▶ _DATASET EXCERPTS_
(* (a) For integers $n\ge d\ge 2$ with $d\mid dn$ (always true), $\mathrm{diam}(Q_n(d,n))=n+\max\{\lfloor n/2\rfloor,\,2\lceil n/d\rceil-2\}$ (here $n\ge 3$). (b) For integers $d\ge1$, $r\ge3$ with $dr\ge 2$: $\mathrm{diam}(COR(d,r))=(d+1)r$ if $r=3$, and $\mathrm{diam}(COR(d,r))=(d+1)r+\lfloor r/2\rfloor-2$ if $r\ge4$.
   Context: For $m\ge1$, $\mathbb{Z}_2^m=\{0,1\}^m$ with coordinatewise addition mod 2; $e_i$ is the $i$-th standard basis vector, subscripts read modulo $m$; $\sigma^j(b)$ is the vector with $\sigma^j(b)_{i+j}=b_i$ (indices mod $m$). The recursive cube of rings $Q_n(d,r)$ (for $n\ge d$, $dr\equiv0\pmod n$) is the simple graph on $\mathbb{Z}_2^n\times\mathbb{Z}_r$ in which $(a,x)$ is adjacent to $(a+e_{i+dx},x)$ for $1\le i\le d$ and to $(a,x\pm1)$. The cube-of-rings $COR(d,r)$ is the Cayley graph on the group with underlying set $\mathbb{Z}_2^{dr}\times\mathbb{Z}_r$ and multiplication $(a,x)(b,y)=(\sigma^{dy}(a)+b,x+y)$, with connection set $\{(0_{dr},1),(0_{dr},r-1),(e_1,0),\dots,(e_d,0)\}$ ($u\sim v$ iff $u^{-1}v$ is in the connection set). *)

theory Defs
  imports Main "HOL-Library.Extended_Nat"
begin

text \<open>A graph is given by a vertex set V and an adjacency relation E (assumed to
only relate vertices of V).\<close>

definition gdist :: "('a \<Rightarrow> 'a \<Rightarrow> bool) \<Rightarrow> 'a \<Rightarrow> 'a \<Rightarrow> enat" where
  "gdist E u v = (if \<exists>k. (E ^^ k) u v then enat (LEAST k. (E ^^ k) u v) else \<infinity>)"

definition gdiam :: "'a set \<Rightarrow> ('a \<Rightarrow> 'a \<Rightarrow> bool) \<Rightarrow> enat" where
  "gdiam V E = (SUP p \<in> V \<times> V. gdist E (fst p) (snd p))"

text \<open>A vector b in Z_2^m is represented by its support, a subset of {0..<m};
the paper's coordinate i (1 \<le> i \<le> m, read mod m) is position (i - 1) mod m here.
Addition is symmetric difference; e_i is the singleton {(i-1) mod m}.\<close>

definition symdiff :: "nat set \<Rightarrow> nat set \<Rightarrow> nat set" where
  "symdiff A B = (A - B) \<union> (B - A)"

definition unitv :: "nat \<Rightarrow> nat \<Rightarrow> nat set" where
  "unitv m i = {(i + m - 1) mod m}"

definition shiftv :: "nat \<Rightarrow> nat \<Rightarrow> nat set \<Rightarrow> nat set" where
  "shiftv m j b = (\<lambda>i. (i + j) mod m) ` b"

definition Qverts :: "nat \<Rightarrow> nat \<Rightarrow> (nat set \<times> nat) set" where
  "Qverts n r = {(a, x). a \<subseteq> {0..<n} \<and> x < r}"

definition Qadj :: "nat \<Rightarrow> nat \<Rightarrow> nat \<Rightarrow> nat set \<times> nat \<Rightarrow> nat set \<times> nat \<Rightarrow> bool" where
  "Qadj n d r u v \<longleftrightarrow> u \<in> Qverts n r \<and> v \<in> Qverts n r \<and> u \<noteq> v \<and>
     ((snd v = snd u \<and> (\<exists>i\<in>{1..d}. fst v = symdiff (fst u) (unitv n (i + d * snd u)))) \<or>
      (fst v = fst u \<and> (snd v = (snd u + 1) mod r \<or> snd v = (snd u + r - 1) mod r)))"

text \<open>Group on Z_2^{dr} \<times> Z_r with (a,x)(b,y) = (sigma^{dy}(a) + b, x + y).\<close>

definition cor_mult :: "nat \<Rightarrow> nat \<Rightarrow> nat set \<times> nat \<Rightarrow> nat set \<times> nat \<Rightarrow> nat set \<times> nat" where
  "cor_mult d r u v = (symdiff (shiftv (d * r) (d * snd v) (fst u)) (fst v), (snd u + snd v) mod r)"

definition cor_inv :: "nat \<Rightarrow> nat \<Rightarrow> nat set \<times> nat \<Rightarrow> nat set \<times> nat" where
  "cor_inv d r u = (shiftv (d * r) (d * ((r - snd u) mod r)) (fst u), (r - snd u) mod r)"

definition cor_conn :: "nat \<Rightarrow> nat \<Rightarrow> (nat set \<times> nat) set" where
  "cor_conn d r = {({}, 1), ({}, r - 1)} \<union> {(unitv (d * r) i, 0) | i. i \<in> {1..d}}"

definition CORverts :: "nat \<Rightarrow> nat \<Rightarrow> (nat set \<times> nat) set" where
  "CORverts d r = {(a, x). a \<subseteq> {0..<d * r} \<and> x < r}"

definition CORadj :: "nat \<Rightarrow> nat \<Rightarrow> nat set \<times> nat \<Rightarrow> nat set \<times> nat \<Rightarrow> bool" where
  "CORadj d r u v \<longleftrightarrow> u \<in> CORverts d r \<and> v \<in> CORverts d r \<and>
     cor_mult d r (cor_inv d r u) v \<in> cor_conn d r"

end

theory Submission
  imports Defs
begin

text \<open>
  Write a vertex as \<open>(a, x)\<close> with a support \<open>a \<subseteq> {0..<N}\<close> and a ring position \<open>x\<close>. A walk from
  \<open>(a, x)\<close> to \<open>(b, y)\<close> must flip every coordinate of the symmetric difference of \<open>a\<close> and \<open>b\<close>,
  each at a moment when the window of \<open>d\<close> coordinates attached to the current ring position
  contains it. If the ring coordinate ranges over the displacements \<open>[lo, hi] \<ni> 0\<close> and ends at
  displacement \<open>e\<close>, the walk needs at least \<open>|a \<union> b - a \<inter> b| + 2 (hi - lo) - |e|\<close> steps, and
  one sweep of the interval attains this. So the diameter is \<open>N\<close> plus the worst case, over
  pairs of ring positions, of the cheapest excursion whose windows cover all coordinates. When
  \<open>N\<close> divides \<open>d r\<close>, covering means visiting at least \<open>\<lceil>N / d\<rceil>\<close> ring positions, and a short
  optimisation over the integers gives part (a). The group inversion \<open>u \<mapsto> u\<inverse>\<close> is an
  isomorphism from \<open>COR(d,r)\<close> onto \<open>Q\<^sub>d\<^sub>r(d,r)\<close>, where covering means visiting all \<open>r\<close> ring
  positions; this gives part (b).
\<close>

section \<open>Distances and diameters\<close>

lemma gdist_le: "(E ^^ k) u v \<Longrightarrow> gdist E u v \<le> enat k"
  unfolding gdist_def by (auto intro: Least_le)

lemma gdist_ge:
  assumes "\<And>j. j < k \<Longrightarrow> \<not> (E ^^ j) u v"
  shows "enat k \<le> gdist E u v"
proof (cases "\<exists>j. (E ^^ j) u v")
  case True
  then have "(E ^^ (LEAST j. (E ^^ j) u v)) u v" by (rule LeastI_ex)
  then have "k \<le> (LEAST j. (E ^^ j) u v)" using assms not_le by blast
  then show ?thesis using True unfolding gdist_def by simp
qed (simp add: gdist_def)

lemma gdiam_eqI:
  assumes "\<And>u v. u \<in> V \<Longrightarrow> v \<in> V \<Longrightarrow> \<exists>k\<le>D. (E ^^ k) u v"
    and "u0 \<in> V" "v0 \<in> V" "\<And>k. k < D \<Longrightarrow> \<not> (E ^^ k) u0 v0"
  shows "gdiam V E = enat D"
proof (rule antisym)
  show "gdiam V E \<le> enat D" unfolding gdiam_def
  proof (rule SUP_least)
    fix p assume "p \<in> V \<times> V"
    then obtain k where "k \<le> D" "(E ^^ k) (fst p) (snd p)" using assms(1) by force
    then show "gdist E (fst p) (snd p) \<le> enat D"
      using gdist_le[where E=E and k=k] by (meson enat_ord_simps(1) order_trans)
  qed
  show "enat D \<le> gdiam V E" unfolding gdiam_def
    using gdist_ge[OF assms(4)] assms(2,3) by (auto intro: SUP_upper2[where i="(u0, v0)"])
qed

lemma relpowp_involution_iff:
  assumes "\<And>u v. E u v \<Longrightarrow> u \<in> V \<and> v \<in> V" and "\<And>u v. E' u v \<Longrightarrow> u \<in> V \<and> v \<in> V"
    and f_V: "\<And>u. u \<in> V \<Longrightarrow> f u \<in> V" and f_f: "\<And>u. u \<in> V \<Longrightarrow> f (f u) = u"
    and adj: "\<And>u v. u \<in> V \<Longrightarrow> v \<in> V \<Longrightarrow> E u v \<longleftrightarrow> E' (f u) (f v)"
    and "u \<in> V" "v \<in> V"
  shows "(E ^^ k) u v \<longleftrightarrow> (E' ^^ k) (f u) (f v)"
  using \<open>v \<in> V\<close>
proof (induction k arbitrary: v)
  case 0
  then show ?case using f_f \<open>u \<in> V\<close> by (metis relpowp.simps(1))
next
  case (Suc k)
  show ?case
  proof
    assume "(E ^^ Suc k) u v"
    then obtain w where "(E ^^ k) u w" "E w v" by (rule relpowp_Suc_E)
    moreover have "w \<in> V" using \<open>E w v\<close> assms(1) by blast
    ultimately show "(E' ^^ Suc k) (f u) (f v)"
      using Suc adj by (blast intro: relpowp_Suc_I)
  next
    assume "(E' ^^ Suc k) (f u) (f v)"
    then obtain w where w: "(E' ^^ k) (f u) w" "E' w (f v)" by (rule relpowp_Suc_E)
    then have "w \<in> V" using assms(2) by blast
    then have "f w \<in> V" "f (f w) = w" using f_V f_f by auto
    then show "(E ^^ Suc k) u v"
      using Suc adj w by (metis relpowp_Suc_I)
  qed
qed

lemma gdiam_involution_invariant:
  assumes "\<And>u v. E u v \<Longrightarrow> u \<in> V \<and> v \<in> V" and "\<And>u v. E' u v \<Longrightarrow> u \<in> V \<and> v \<in> V"
    and f_V: "\<And>u. u \<in> V \<Longrightarrow> f u \<in> V" and f_f: "\<And>u. u \<in> V \<Longrightarrow> f (f u) = u"
    and "\<And>u v. u \<in> V \<Longrightarrow> v \<in> V \<Longrightarrow> E u v \<longleftrightarrow> E' (f u) (f v)"
  shows "gdiam V E = gdiam V E'"
proof -
  have "gdist E u v = gdist E' (f u) (f v)" if "u \<in> V" "v \<in> V" for u v
    unfolding gdist_def using relpowp_involution_iff[where E=E and E'=E' and f=f and V=V, OF assms that] by simp
  then have "gdiam V E = (SUP p\<in>map_prod f f ` (V \<times> V). gdist E' (fst p) (snd p))"
    unfolding gdiam_def image_image by (intro SUP_cong) auto
  also have "f ` V = V"
    using f_V f_f by (metis image_subset_iff subsetI subset_antisym image_eqI)
  then have "map_prod f f ` (V \<times> V) = V \<times> V"
    by (simp add: map_prod_surj_on)
  finally show ?thesis unfolding gdiam_def .
qed

lemma symdiff_empty [simp]: "symdiff a {} = a" "symdiff {} a = a"
  unfolding symdiff_def by auto

lemma symdiff_self [simp]: "symdiff a a = {}"
  unfolding symdiff_def by auto

lemma symdiff_cancel [simp]: "symdiff a (symdiff a b) = b"
  unfolding symdiff_def by auto

lemma symdiff_empty_iff: "symdiff a b = {} \<longleftrightarrow> b = a"
  unfolding symdiff_def by auto

lemma symdiff_eq_iff: "symdiff a b = c \<longleftrightarrow> b = symdiff a c"
  by (metis symdiff_cancel)

lemma symdiff_assoc: "symdiff (symdiff a b) c = symdiff a (symdiff b c)"
  unfolding symdiff_def by auto

lemma symdiff_subset: "a \<subseteq> X \<Longrightarrow> b \<subseteq> X \<Longrightarrow> symdiff a b \<subseteq> X"
  unfolding symdiff_def by auto

lemma symdiff_singleton_neq: "symdiff a {c} \<noteq> a"
  unfolding symdiff_def by auto

lemma card_symdiff_singleton_le: "finite a \<Longrightarrow> card (symdiff a {c}) \<le> card a + 1"
  by (rule order_trans[OF card_mono[of "insert c a"]]) (auto simp: symdiff_def card_insert_if)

▶ _TASK INSTRUCTIONS_
Report how many lines in the data include the word "shows". Nothing else is needed.

▶ _OUTPUT OF THE EXERCISE_
4